Work to complete: In the entries below, the lines from the one with "b) \<in> W \<and>" through the one with "(e (\<pi> x)) = f" are to be copied exactly; both ends count.

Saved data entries
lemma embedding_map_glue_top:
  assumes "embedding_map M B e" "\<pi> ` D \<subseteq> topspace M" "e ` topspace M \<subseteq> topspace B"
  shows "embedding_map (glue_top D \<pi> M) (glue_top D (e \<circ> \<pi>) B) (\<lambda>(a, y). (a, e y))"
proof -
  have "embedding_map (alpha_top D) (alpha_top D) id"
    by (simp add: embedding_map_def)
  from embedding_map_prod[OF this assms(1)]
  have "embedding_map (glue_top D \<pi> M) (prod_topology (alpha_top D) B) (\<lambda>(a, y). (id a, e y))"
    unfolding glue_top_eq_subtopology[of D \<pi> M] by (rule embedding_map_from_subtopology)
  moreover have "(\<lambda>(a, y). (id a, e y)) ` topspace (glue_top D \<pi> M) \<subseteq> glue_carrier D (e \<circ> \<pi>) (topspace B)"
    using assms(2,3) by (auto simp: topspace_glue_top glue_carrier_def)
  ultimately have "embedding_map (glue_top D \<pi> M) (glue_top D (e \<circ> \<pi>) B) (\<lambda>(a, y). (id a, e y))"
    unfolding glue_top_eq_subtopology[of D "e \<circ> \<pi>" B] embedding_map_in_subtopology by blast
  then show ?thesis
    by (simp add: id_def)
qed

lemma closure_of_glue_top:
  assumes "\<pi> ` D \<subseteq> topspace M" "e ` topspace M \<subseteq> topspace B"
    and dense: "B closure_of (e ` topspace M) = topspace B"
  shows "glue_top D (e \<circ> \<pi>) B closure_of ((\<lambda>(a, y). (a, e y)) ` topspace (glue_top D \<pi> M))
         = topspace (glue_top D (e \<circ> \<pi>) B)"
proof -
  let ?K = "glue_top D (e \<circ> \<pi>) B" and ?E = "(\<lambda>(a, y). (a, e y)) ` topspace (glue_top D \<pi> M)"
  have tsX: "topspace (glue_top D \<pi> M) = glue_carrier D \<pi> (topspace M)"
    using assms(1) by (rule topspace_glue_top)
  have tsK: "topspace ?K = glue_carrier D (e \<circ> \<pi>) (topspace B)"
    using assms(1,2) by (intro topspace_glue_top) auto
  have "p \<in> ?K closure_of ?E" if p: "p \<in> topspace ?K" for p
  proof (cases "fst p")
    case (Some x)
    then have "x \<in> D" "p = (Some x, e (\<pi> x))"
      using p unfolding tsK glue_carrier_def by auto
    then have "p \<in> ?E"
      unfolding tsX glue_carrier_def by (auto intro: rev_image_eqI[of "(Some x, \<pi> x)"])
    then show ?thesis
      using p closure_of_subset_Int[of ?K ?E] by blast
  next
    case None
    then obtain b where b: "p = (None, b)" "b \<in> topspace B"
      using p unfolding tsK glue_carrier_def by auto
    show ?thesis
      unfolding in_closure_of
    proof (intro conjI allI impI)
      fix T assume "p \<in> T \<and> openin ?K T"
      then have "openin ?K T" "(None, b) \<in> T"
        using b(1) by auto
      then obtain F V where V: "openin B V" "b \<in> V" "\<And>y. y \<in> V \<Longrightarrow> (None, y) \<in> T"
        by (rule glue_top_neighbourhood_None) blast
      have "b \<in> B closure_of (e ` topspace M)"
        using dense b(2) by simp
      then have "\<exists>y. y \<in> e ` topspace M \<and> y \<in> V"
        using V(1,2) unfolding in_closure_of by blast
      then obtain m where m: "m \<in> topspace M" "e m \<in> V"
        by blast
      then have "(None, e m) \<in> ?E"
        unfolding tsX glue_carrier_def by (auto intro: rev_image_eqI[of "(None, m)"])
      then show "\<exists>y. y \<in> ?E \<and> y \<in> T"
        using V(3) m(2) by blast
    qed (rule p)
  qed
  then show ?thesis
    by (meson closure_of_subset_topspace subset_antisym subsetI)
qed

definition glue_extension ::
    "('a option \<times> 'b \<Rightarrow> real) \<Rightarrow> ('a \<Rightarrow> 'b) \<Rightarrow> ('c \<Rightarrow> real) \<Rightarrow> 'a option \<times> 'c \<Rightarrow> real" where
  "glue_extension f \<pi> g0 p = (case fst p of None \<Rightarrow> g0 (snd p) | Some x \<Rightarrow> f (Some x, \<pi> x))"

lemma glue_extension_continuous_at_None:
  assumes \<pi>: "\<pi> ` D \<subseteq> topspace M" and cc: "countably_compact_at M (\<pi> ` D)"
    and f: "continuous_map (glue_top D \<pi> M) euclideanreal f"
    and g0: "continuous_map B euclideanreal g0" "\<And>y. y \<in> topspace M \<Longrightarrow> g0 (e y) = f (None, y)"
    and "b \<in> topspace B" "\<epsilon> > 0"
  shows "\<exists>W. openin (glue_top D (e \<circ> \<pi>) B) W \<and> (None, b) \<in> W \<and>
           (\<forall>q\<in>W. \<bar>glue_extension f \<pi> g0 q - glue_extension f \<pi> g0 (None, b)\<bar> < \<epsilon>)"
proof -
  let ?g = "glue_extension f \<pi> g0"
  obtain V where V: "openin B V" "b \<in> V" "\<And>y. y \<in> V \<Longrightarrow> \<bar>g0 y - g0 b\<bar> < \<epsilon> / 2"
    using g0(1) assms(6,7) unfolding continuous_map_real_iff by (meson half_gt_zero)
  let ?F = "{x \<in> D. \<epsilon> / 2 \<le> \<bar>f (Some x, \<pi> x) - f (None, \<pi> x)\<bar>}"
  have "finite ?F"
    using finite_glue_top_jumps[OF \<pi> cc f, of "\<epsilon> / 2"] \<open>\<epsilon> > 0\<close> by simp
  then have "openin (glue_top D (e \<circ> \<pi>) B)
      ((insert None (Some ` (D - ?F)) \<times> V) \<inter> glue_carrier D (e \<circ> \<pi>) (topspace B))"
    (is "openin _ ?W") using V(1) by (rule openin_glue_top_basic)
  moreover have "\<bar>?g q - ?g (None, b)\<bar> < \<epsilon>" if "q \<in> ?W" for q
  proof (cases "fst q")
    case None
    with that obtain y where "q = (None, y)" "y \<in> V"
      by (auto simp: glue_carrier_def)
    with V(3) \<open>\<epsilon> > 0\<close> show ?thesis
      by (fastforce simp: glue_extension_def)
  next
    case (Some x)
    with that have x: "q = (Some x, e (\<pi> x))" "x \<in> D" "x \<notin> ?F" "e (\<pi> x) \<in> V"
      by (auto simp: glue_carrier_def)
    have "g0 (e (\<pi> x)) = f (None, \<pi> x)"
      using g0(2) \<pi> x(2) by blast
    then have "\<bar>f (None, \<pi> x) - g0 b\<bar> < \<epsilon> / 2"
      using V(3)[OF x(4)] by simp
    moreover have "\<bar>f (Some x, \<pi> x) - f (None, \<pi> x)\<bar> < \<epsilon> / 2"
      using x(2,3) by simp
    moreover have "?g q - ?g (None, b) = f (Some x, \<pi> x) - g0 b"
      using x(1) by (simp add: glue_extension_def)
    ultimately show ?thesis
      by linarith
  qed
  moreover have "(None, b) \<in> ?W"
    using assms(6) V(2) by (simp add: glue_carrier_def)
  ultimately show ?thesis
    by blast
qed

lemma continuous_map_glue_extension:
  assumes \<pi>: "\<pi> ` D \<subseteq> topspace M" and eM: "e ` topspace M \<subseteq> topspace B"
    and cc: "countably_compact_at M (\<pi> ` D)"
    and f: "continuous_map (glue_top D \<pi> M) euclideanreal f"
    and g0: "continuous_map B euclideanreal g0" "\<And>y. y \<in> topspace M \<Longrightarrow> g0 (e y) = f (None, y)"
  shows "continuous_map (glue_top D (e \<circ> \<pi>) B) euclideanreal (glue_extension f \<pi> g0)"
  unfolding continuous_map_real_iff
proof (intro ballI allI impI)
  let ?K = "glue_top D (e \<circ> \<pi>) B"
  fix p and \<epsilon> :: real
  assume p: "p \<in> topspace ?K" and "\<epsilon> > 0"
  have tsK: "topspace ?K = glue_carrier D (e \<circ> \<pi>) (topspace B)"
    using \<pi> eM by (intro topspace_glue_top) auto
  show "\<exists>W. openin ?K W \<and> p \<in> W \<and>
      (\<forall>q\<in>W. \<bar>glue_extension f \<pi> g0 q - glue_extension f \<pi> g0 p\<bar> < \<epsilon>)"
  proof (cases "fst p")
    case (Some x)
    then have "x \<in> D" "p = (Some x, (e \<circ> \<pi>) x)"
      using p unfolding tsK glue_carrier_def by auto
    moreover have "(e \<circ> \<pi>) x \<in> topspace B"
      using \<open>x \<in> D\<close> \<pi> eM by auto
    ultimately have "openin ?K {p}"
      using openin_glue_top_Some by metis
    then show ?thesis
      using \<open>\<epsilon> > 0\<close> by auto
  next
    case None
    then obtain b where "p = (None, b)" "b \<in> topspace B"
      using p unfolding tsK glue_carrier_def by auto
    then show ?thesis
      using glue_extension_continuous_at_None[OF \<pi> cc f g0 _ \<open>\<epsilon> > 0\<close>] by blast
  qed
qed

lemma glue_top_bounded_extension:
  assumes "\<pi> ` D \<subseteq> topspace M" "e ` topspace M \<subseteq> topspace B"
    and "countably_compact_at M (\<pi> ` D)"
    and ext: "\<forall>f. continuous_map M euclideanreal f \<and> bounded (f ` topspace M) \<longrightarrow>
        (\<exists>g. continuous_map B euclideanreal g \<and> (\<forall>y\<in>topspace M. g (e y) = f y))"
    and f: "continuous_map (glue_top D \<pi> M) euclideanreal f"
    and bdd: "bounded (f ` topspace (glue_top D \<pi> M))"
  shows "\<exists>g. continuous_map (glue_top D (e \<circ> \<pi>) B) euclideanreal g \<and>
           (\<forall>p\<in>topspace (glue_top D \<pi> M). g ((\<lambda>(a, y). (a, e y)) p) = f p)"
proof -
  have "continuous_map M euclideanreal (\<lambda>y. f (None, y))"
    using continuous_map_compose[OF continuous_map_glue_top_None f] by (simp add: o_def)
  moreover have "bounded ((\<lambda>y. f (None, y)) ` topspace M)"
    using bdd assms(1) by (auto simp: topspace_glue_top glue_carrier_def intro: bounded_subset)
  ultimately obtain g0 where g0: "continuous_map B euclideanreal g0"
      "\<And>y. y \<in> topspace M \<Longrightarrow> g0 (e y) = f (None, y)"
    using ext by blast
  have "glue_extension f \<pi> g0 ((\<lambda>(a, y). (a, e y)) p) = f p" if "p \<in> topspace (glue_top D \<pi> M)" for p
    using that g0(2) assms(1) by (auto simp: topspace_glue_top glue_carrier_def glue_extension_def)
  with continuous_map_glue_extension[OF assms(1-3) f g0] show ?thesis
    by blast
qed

Response area:
  shows "\<exists>W. openin (glue_top D (e \<circ> \<pi>) B) W \<and> (None, b) \<in> W \<and>
           (\<forall>q\<in>W. \<bar>glue_extension f \<pi> g0 q - glue_extension f \<pi> g0 (None, b)\<bar> < \<epsilon>)"
proof -
  let ?g = "glue_extension f \<pi> g0"
  obtain V where V: "openin B V" "b \<in> V" "\<And>y. y \<in> V \<Longrightarrow> \<bar>g0 y - g0 b\<bar> < \<epsilon> / 2"
    using g0(1) assms(6,7) unfolding continuous_map_real_iff by (meson half_gt_zero)
  let ?F = "{x \<in> D. \<epsilon> / 2 \<le> \<bar>f (Some x, \<pi> x) - f (None, \<pi> x)\<bar>}"
  have "finite ?F"
    using finite_glue_top_jumps[OF \<pi> cc f, of "\<epsilon> / 2"] \<open>\<epsilon> > 0\<close> by simp
  then have "openin (glue_top D (e \<circ> \<pi>) B)
      ((insert None (Some ` (D - ?F)) \<times> V) \<inter> glue_carrier D (e \<circ> \<pi>) (topspace B))"
    (is "openin _ ?W") using V(1) by (rule openin_glue_top_basic)
  moreover have "\<bar>?g q - ?g (None, b)\<bar> < \<epsilon>" if "q \<in> ?W" for q
  proof (cases "fst q")
    case None
    with that obtain y where "q = (None, y)" "y \<in> V"
      by (auto simp: glue_carrier_def)
    with V(3) \<open>\<epsilon> > 0\<close> show ?thesis
      by (fastforce simp: glue_extension_def)
  next
    case (Some x)
    with that have x: "q = (Some x, e (\<pi> x))" "x \<in> D" "x \<notin> ?F" "e (\<pi> x) \<in> V"
      by (auto simp: glue_carrier_def)
    have "g0 (e (\<pi> x)) = f (None, \<pi> x)"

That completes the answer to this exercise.